*How to complete this task*
All lines in the data bearing the string "that" should be identified and copied.

*Data for review*
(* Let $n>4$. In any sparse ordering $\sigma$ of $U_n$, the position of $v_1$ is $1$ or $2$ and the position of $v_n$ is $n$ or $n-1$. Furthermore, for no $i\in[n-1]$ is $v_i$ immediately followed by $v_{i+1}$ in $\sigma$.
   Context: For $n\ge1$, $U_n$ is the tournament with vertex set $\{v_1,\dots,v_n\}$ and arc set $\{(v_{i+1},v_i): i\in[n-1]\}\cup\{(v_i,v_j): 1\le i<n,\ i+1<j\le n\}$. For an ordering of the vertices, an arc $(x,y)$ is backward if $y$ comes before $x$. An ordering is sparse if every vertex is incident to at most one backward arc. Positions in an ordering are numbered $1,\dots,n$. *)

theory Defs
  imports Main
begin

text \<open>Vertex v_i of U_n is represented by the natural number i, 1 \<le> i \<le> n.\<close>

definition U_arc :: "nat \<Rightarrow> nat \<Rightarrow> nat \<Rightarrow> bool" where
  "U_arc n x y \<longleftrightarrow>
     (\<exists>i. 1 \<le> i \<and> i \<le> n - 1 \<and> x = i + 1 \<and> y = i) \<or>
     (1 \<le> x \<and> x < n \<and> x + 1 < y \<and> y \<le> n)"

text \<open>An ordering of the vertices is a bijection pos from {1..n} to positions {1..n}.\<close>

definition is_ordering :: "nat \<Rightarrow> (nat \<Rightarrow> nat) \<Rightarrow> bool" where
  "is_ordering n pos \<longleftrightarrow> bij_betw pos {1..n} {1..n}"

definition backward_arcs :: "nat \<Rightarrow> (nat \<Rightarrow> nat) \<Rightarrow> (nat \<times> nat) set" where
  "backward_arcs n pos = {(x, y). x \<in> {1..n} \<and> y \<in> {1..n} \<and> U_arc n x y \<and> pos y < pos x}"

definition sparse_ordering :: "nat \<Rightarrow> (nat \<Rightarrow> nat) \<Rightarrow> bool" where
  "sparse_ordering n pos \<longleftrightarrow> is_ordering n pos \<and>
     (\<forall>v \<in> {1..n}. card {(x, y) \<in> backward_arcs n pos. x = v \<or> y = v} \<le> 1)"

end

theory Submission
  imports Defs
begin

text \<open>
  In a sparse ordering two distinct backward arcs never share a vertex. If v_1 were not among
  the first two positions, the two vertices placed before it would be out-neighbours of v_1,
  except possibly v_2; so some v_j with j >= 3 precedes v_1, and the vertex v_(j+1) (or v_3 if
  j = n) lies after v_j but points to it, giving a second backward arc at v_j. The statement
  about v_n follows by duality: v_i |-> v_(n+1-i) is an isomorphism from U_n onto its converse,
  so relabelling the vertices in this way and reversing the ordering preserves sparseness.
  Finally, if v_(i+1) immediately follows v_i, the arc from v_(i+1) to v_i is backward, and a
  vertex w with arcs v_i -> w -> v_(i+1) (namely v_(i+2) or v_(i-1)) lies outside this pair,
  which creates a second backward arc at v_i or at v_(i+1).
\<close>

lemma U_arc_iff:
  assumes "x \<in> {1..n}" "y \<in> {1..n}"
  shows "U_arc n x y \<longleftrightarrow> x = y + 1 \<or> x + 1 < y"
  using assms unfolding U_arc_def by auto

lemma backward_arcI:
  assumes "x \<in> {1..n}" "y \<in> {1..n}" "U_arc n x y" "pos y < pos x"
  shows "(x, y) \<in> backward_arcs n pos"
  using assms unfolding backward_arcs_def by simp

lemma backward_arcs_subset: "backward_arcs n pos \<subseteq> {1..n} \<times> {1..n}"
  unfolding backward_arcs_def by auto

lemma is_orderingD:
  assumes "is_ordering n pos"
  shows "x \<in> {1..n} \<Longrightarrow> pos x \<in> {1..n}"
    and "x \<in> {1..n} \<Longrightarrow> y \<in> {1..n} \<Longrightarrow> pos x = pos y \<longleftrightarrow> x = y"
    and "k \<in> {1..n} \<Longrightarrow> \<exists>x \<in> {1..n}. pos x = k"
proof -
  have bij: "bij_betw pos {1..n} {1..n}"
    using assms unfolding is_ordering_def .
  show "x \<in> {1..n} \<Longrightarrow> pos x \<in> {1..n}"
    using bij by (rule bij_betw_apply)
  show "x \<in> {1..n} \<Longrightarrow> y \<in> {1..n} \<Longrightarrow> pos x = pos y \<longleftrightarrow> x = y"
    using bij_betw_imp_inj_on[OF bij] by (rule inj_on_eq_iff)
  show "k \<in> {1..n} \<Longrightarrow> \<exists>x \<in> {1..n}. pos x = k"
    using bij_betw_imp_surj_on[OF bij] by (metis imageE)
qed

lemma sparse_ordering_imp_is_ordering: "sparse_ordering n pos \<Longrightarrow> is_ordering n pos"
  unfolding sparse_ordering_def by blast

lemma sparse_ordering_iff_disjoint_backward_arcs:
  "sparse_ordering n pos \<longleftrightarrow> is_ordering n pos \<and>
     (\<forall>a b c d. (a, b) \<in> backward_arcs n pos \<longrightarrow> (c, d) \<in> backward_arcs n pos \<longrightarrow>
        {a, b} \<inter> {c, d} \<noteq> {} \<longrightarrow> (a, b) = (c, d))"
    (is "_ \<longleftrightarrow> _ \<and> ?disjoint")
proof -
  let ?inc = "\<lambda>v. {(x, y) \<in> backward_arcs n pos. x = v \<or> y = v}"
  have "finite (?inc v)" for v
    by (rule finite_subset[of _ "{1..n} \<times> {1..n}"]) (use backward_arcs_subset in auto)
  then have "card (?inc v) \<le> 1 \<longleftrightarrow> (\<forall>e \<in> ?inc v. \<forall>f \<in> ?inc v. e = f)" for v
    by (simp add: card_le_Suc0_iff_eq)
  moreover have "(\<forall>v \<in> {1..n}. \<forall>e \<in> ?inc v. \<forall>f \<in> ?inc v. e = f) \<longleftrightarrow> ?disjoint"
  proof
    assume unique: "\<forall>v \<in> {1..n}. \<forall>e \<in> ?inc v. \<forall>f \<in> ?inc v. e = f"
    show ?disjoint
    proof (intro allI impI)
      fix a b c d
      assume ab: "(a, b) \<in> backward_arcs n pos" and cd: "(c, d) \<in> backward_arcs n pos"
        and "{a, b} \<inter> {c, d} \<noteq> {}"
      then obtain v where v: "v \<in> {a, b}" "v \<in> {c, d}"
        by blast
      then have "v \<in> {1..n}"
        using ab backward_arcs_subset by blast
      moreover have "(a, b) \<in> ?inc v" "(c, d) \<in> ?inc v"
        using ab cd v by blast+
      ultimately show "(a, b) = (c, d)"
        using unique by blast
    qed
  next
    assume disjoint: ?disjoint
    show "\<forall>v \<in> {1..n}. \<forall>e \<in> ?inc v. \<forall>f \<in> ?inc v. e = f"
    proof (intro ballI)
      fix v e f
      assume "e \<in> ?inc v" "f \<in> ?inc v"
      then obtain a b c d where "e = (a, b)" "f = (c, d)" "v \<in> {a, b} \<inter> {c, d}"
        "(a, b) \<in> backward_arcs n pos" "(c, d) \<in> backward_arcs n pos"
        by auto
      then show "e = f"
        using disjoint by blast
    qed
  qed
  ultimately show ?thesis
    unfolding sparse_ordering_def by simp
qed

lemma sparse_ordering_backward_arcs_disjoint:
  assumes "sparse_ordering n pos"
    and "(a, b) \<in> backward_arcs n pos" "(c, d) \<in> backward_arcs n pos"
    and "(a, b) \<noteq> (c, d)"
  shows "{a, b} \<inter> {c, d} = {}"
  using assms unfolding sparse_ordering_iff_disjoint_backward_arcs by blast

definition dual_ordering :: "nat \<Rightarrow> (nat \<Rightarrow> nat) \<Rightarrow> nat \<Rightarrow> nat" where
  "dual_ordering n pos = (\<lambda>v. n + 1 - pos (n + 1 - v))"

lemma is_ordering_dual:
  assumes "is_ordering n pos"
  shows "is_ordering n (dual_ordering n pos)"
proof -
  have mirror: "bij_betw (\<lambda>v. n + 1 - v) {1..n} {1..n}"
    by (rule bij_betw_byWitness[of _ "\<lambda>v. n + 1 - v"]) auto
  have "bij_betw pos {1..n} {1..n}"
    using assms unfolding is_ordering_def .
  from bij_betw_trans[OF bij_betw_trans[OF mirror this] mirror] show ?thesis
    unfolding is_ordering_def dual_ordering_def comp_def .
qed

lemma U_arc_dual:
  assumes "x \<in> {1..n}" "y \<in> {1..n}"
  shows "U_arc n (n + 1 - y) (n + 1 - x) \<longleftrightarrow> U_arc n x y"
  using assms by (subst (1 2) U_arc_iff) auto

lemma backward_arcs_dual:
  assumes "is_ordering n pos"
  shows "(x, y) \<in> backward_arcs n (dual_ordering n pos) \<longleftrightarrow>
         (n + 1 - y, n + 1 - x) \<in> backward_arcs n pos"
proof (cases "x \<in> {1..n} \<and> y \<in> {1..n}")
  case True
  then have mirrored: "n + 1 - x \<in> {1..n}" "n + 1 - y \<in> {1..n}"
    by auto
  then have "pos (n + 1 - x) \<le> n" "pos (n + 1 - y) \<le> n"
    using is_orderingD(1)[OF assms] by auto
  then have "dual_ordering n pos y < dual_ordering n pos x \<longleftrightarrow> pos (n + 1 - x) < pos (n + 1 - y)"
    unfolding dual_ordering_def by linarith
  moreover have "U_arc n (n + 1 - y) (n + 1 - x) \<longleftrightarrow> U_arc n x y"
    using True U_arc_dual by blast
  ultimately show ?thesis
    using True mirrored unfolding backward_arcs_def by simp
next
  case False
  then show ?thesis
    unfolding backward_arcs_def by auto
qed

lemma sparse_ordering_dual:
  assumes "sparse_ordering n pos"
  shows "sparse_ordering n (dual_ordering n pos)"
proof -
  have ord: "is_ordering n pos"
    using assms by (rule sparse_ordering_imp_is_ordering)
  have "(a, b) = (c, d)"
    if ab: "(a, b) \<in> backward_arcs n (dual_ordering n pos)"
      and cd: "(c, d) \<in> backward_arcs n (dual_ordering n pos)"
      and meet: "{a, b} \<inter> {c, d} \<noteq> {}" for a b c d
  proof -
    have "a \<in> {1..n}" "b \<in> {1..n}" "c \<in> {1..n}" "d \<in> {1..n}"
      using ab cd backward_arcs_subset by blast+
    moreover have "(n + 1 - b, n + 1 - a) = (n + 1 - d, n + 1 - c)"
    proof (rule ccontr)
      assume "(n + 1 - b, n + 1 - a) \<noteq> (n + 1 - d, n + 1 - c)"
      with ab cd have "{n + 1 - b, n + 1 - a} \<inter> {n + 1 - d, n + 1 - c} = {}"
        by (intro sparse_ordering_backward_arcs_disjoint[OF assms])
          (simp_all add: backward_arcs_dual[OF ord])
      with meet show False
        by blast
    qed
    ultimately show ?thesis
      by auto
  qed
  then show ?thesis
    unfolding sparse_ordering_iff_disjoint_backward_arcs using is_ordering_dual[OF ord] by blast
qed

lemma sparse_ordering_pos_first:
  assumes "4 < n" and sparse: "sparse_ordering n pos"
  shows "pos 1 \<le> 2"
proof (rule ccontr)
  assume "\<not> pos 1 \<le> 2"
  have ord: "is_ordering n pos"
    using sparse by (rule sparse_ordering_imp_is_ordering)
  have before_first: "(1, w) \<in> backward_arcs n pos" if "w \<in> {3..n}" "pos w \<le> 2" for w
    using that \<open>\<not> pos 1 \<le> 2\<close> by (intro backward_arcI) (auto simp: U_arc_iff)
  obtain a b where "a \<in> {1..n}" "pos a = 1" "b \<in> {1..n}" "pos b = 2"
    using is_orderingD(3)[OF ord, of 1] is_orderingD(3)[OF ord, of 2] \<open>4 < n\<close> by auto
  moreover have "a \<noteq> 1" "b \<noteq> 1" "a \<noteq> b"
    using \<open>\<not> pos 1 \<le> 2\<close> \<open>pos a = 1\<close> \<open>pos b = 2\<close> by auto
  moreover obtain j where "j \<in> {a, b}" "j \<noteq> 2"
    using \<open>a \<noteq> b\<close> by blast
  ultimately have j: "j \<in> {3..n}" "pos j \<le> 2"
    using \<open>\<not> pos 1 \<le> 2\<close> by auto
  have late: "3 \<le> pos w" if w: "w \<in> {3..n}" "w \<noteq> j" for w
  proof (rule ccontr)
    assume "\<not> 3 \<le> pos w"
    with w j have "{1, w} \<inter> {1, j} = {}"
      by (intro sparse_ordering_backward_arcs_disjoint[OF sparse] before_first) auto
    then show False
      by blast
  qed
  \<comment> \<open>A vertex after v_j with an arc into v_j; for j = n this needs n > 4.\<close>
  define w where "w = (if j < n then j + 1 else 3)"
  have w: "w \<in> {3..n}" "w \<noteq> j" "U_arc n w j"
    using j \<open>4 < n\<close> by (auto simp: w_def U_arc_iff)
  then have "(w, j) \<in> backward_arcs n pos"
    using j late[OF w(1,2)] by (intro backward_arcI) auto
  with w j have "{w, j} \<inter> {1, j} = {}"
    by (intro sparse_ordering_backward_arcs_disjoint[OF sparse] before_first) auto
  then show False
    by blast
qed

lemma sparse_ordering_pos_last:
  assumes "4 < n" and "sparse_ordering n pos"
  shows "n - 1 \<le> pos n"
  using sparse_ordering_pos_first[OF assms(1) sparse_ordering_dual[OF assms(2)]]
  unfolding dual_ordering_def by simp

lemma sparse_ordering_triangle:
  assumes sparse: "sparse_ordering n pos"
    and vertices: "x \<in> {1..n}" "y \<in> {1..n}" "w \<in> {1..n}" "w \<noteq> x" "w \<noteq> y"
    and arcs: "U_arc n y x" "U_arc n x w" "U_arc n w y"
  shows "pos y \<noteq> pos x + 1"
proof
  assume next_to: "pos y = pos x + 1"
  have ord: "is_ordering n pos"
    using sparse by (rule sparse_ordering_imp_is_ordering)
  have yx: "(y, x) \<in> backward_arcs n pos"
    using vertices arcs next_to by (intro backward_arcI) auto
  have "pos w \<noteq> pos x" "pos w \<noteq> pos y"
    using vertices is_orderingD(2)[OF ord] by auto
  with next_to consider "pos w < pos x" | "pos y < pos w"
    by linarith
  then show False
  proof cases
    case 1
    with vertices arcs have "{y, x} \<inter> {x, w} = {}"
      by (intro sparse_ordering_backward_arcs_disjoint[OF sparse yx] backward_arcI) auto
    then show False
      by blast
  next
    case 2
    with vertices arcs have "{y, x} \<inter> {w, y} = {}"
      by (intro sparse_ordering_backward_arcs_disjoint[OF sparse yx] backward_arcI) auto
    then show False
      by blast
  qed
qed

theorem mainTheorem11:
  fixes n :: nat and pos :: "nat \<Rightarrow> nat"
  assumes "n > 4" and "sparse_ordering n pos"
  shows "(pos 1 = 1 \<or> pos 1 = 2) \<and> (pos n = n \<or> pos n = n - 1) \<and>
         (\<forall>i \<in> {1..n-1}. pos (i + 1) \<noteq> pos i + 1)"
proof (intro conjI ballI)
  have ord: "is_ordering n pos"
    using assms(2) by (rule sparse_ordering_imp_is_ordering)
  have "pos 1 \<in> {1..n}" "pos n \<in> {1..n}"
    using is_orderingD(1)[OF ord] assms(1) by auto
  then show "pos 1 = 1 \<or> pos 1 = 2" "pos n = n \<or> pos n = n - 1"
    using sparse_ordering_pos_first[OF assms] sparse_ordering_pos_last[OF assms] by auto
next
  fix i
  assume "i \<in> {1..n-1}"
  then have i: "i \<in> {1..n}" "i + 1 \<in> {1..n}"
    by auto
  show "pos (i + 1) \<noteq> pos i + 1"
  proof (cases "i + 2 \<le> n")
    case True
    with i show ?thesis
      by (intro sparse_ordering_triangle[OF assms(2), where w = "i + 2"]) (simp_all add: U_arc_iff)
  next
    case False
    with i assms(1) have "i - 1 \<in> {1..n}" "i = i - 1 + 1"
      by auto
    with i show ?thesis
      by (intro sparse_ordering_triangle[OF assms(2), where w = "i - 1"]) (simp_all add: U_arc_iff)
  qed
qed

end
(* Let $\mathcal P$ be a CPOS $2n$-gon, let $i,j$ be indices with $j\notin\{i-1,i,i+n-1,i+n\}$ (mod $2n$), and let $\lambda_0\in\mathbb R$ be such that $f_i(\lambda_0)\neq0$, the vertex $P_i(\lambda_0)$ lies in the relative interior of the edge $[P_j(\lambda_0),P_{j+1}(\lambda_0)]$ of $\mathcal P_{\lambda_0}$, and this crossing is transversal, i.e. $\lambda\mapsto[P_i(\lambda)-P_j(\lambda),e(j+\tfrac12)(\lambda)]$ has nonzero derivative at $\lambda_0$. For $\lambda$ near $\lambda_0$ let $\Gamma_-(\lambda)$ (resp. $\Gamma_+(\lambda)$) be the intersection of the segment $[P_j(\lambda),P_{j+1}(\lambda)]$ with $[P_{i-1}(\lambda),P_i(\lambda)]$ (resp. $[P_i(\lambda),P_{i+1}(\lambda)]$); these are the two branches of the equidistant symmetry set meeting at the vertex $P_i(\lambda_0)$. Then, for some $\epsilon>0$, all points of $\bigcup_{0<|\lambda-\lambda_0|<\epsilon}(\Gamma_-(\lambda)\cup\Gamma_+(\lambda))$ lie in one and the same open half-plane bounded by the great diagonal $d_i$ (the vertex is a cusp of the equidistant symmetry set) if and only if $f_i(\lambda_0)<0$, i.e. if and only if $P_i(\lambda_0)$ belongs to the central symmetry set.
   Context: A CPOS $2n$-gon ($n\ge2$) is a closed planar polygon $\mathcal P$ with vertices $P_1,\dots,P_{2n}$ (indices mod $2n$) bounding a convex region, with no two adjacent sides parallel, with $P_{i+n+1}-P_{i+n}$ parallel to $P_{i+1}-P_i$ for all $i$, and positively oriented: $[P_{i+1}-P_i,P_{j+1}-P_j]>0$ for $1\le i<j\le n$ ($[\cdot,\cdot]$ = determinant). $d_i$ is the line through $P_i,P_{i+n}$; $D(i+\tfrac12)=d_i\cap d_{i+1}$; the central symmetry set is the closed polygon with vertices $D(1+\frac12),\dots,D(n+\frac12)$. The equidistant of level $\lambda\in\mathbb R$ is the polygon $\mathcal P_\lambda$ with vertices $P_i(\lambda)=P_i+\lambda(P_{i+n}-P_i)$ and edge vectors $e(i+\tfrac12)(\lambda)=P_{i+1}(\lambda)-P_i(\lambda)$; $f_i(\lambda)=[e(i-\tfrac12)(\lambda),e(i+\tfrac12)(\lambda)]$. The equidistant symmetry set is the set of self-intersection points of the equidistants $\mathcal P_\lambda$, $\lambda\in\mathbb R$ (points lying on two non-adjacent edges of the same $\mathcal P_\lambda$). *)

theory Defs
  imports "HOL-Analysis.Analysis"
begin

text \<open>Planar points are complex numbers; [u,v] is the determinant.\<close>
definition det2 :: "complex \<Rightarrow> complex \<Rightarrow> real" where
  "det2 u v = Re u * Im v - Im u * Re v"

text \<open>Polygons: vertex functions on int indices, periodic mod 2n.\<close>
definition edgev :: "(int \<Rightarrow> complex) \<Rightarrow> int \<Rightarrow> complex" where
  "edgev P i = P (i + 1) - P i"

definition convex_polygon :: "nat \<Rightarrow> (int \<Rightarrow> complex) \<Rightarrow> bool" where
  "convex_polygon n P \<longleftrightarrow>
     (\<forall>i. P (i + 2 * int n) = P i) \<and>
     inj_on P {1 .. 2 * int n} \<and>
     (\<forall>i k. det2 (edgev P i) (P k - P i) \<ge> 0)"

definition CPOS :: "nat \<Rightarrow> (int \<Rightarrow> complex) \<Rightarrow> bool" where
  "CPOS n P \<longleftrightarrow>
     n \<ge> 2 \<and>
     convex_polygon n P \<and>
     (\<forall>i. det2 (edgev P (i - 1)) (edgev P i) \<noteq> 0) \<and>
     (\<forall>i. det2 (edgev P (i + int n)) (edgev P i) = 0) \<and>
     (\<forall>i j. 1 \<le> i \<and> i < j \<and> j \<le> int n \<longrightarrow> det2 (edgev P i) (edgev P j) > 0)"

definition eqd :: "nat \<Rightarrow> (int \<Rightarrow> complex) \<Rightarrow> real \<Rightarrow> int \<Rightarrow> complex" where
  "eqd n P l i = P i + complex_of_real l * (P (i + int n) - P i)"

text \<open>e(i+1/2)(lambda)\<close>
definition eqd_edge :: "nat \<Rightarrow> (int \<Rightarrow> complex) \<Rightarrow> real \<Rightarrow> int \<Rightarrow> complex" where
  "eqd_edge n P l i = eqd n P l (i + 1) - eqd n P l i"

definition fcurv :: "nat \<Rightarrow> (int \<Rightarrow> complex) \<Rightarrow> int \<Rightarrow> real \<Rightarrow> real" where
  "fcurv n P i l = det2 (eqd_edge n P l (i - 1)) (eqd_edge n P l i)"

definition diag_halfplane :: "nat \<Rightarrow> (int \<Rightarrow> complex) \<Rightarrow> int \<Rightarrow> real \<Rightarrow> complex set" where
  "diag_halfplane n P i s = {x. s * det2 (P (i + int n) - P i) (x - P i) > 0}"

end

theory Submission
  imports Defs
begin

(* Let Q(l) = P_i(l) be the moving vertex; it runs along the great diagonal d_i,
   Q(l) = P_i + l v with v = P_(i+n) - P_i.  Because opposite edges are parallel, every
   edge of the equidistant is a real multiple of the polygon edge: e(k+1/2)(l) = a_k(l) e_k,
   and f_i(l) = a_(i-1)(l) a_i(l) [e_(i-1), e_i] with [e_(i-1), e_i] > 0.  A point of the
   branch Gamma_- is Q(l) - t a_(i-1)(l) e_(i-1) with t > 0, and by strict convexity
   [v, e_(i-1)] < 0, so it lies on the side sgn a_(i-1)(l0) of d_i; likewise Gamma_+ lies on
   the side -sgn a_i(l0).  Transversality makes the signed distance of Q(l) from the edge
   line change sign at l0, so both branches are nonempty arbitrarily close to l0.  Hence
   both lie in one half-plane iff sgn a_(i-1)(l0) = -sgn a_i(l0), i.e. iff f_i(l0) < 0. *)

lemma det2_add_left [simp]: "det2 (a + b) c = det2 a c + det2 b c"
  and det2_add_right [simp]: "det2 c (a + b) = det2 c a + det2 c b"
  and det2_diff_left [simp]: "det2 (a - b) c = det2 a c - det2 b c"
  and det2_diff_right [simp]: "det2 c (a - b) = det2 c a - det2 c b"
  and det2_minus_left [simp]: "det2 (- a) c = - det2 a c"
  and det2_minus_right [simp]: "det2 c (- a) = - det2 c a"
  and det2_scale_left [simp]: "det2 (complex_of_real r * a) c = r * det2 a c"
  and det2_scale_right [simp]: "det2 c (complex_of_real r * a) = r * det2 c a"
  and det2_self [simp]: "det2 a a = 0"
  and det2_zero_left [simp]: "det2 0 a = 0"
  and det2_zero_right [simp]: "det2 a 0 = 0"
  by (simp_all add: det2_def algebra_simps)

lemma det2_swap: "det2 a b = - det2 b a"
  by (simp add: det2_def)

*Result of this task*
    using that \<open>\<not> pos 1 \<le> 2\<close> by (intro backward_arcI) (auto simp: U_arc_iff)
(* Let $\mathcal P$ be a CPOS $2n$-gon, let $i,j$ be indices with $j\notin\{i-1,i,i+n-1,i+n\}$ (mod $2n$), and let $\lambda_0\in\mathbb R$ be such that $f_i(\lambda_0)\neq0$, the vertex $P_i(\lambda_0)$ lies in the relative interior of the edge $[P_j(\lambda_0),P_{j+1}(\lambda_0)]$ of $\mathcal P_{\lambda_0}$, and this crossing is transversal, i.e. $\lambda\mapsto[P_i(\lambda)-P_j(\lambda),e(j+\tfrac12)(\lambda)]$ has nonzero derivative at $\lambda_0$. For $\lambda$ near $\lambda_0$ let $\Gamma_-(\lambda)$ (resp. $\Gamma_+(\lambda)$) be the intersection of the segment $[P_j(\lambda),P_{j+1}(\lambda)]$ with $[P_{i-1}(\lambda),P_i(\lambda)]$ (resp. $[P_i(\lambda),P_{i+1}(\lambda)]$); these are the two branches of the equidistant symmetry set meeting at the vertex $P_i(\lambda_0)$. Then, for some $\epsilon>0$, all points of $\bigcup_{0<|\lambda-\lambda_0|<\epsilon}(\Gamma_-(\lambda)\cup\Gamma_+(\lambda))$ lie in one and the same open half-plane bounded by the great diagonal $d_i$ (the vertex is a cusp of the equidistant symmetry set) if and only if $f_i(\lambda_0)<0$, i.e. if and only if $P_i(\lambda_0)$ belongs to the central symmetry set.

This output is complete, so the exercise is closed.